Problem requirements -
Whenever a line below mentions the word "force", that line should be copied.

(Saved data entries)
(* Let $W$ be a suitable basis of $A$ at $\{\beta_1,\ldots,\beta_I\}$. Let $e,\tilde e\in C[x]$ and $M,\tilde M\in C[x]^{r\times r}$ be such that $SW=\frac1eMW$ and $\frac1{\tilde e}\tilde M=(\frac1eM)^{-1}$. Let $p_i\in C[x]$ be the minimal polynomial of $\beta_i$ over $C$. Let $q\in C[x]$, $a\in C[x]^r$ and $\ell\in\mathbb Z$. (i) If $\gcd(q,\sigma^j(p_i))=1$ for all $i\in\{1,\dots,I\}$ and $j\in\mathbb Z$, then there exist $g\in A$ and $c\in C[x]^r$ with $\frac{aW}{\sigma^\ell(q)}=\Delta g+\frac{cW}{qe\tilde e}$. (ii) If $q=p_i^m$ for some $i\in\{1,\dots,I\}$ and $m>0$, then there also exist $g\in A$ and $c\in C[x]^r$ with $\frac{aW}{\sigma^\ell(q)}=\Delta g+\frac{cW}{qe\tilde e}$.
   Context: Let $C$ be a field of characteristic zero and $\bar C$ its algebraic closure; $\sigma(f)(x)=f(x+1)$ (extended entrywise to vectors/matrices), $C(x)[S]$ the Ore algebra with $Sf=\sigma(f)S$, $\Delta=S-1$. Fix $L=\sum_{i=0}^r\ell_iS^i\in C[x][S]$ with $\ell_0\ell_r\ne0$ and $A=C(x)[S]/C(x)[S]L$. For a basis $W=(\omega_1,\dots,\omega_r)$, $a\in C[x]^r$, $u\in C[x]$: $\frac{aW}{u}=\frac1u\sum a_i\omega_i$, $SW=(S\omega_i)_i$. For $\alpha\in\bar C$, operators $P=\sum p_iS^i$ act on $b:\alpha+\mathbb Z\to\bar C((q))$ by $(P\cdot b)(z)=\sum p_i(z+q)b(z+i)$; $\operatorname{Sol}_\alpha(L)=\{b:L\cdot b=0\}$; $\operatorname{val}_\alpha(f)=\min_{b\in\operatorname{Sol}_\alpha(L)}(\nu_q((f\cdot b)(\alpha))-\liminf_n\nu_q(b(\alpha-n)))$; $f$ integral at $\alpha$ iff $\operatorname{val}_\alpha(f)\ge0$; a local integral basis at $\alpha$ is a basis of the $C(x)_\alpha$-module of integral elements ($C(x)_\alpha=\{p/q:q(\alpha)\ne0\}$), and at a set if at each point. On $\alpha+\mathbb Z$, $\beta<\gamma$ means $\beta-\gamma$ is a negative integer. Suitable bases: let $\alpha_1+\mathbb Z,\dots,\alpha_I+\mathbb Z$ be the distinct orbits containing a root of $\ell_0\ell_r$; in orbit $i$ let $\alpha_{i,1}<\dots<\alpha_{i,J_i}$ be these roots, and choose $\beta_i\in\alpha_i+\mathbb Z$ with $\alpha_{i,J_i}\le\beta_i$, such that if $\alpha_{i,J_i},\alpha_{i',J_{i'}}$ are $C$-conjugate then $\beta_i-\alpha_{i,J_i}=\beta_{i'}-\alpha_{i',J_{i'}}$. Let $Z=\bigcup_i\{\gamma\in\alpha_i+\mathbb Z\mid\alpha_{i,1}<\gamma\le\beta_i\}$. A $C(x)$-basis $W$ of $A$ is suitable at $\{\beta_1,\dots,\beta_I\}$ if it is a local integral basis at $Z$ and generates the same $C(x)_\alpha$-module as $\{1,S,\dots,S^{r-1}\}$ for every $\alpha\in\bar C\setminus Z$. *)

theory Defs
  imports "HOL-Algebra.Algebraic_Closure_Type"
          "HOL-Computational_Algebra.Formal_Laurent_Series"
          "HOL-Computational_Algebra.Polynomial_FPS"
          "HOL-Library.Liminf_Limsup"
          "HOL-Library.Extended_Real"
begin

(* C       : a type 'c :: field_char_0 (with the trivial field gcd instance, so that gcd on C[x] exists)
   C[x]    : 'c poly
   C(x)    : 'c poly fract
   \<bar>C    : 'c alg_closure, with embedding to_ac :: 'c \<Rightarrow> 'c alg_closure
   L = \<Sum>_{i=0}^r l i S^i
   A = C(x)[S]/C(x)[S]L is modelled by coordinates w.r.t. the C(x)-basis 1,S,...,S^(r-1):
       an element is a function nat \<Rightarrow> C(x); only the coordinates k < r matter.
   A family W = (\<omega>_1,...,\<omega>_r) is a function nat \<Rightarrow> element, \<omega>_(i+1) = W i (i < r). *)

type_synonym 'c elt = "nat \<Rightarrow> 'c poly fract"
* * *
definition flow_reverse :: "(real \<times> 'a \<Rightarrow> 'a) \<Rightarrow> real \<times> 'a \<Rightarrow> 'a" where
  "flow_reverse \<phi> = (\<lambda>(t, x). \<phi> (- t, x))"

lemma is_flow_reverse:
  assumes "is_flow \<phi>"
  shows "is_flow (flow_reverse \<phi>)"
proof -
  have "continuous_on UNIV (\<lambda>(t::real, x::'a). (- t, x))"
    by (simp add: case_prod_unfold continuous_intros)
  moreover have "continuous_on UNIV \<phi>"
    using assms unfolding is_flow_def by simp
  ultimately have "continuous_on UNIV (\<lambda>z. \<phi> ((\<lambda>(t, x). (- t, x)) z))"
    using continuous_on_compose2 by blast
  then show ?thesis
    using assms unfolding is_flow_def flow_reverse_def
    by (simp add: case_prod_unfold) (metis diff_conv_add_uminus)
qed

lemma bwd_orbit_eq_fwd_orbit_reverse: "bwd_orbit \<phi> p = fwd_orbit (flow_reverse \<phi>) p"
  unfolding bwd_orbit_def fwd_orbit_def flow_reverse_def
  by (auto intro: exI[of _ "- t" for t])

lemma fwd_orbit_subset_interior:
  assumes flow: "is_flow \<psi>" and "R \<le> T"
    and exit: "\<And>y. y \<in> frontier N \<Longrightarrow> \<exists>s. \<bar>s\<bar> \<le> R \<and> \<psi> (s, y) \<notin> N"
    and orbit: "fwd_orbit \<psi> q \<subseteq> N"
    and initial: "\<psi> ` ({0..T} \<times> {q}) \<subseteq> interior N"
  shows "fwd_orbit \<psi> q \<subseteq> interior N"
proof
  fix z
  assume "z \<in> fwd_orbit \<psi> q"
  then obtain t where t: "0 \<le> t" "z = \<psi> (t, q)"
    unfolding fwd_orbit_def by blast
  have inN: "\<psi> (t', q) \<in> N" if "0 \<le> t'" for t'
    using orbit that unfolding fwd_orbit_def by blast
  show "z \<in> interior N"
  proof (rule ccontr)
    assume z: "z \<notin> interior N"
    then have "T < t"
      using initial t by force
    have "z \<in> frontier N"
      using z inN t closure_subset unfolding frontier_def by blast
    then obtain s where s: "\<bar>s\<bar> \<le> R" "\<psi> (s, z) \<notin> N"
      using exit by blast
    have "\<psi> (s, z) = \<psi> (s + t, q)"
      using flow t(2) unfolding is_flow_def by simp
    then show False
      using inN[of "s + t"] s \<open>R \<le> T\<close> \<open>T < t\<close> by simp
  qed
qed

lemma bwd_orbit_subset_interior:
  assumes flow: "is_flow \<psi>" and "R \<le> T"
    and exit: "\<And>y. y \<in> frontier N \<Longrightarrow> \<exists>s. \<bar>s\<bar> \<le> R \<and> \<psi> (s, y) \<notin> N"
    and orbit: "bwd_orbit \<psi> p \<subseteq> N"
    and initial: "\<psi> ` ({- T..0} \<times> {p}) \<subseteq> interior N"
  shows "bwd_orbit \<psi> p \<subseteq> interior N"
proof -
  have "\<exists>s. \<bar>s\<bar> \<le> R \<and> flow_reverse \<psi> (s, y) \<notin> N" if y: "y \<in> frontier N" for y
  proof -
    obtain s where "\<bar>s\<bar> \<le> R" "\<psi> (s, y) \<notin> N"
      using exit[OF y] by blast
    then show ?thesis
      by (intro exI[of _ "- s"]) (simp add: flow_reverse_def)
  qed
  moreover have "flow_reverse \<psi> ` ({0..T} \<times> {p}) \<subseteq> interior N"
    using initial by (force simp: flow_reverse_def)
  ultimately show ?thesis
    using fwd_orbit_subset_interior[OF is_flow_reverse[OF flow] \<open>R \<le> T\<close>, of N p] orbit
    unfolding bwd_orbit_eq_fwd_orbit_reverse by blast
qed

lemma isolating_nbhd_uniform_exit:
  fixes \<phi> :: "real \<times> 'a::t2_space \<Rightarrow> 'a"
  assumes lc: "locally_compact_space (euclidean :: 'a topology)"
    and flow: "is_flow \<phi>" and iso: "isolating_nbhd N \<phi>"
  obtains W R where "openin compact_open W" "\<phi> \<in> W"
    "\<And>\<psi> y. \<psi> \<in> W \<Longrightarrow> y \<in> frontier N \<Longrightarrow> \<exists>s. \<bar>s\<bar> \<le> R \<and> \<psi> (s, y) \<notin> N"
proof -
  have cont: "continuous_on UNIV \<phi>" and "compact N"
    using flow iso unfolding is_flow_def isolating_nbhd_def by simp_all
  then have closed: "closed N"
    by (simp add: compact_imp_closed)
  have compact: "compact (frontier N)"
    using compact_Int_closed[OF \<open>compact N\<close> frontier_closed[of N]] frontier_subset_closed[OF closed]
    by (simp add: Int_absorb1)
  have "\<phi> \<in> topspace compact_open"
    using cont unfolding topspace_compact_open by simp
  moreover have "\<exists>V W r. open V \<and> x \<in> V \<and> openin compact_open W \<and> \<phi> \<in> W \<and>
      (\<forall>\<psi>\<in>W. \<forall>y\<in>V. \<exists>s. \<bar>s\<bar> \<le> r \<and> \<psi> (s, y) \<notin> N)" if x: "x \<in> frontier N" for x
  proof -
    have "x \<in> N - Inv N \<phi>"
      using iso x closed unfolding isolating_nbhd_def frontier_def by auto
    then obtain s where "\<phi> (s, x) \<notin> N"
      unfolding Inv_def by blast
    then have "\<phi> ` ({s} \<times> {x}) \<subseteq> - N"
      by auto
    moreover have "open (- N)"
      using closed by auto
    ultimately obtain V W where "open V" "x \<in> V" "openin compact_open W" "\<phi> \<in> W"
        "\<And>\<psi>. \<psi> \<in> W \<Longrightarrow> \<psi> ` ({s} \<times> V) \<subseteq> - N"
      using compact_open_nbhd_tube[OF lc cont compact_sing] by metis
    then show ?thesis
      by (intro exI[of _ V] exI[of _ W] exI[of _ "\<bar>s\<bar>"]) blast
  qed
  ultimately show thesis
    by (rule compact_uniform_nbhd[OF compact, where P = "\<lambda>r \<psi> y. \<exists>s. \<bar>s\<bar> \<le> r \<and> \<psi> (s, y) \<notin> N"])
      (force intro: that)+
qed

Solution to this exercise -
      using initial t by force
    using initial by (force simp: flow_reverse_def)
      (force intro: that)+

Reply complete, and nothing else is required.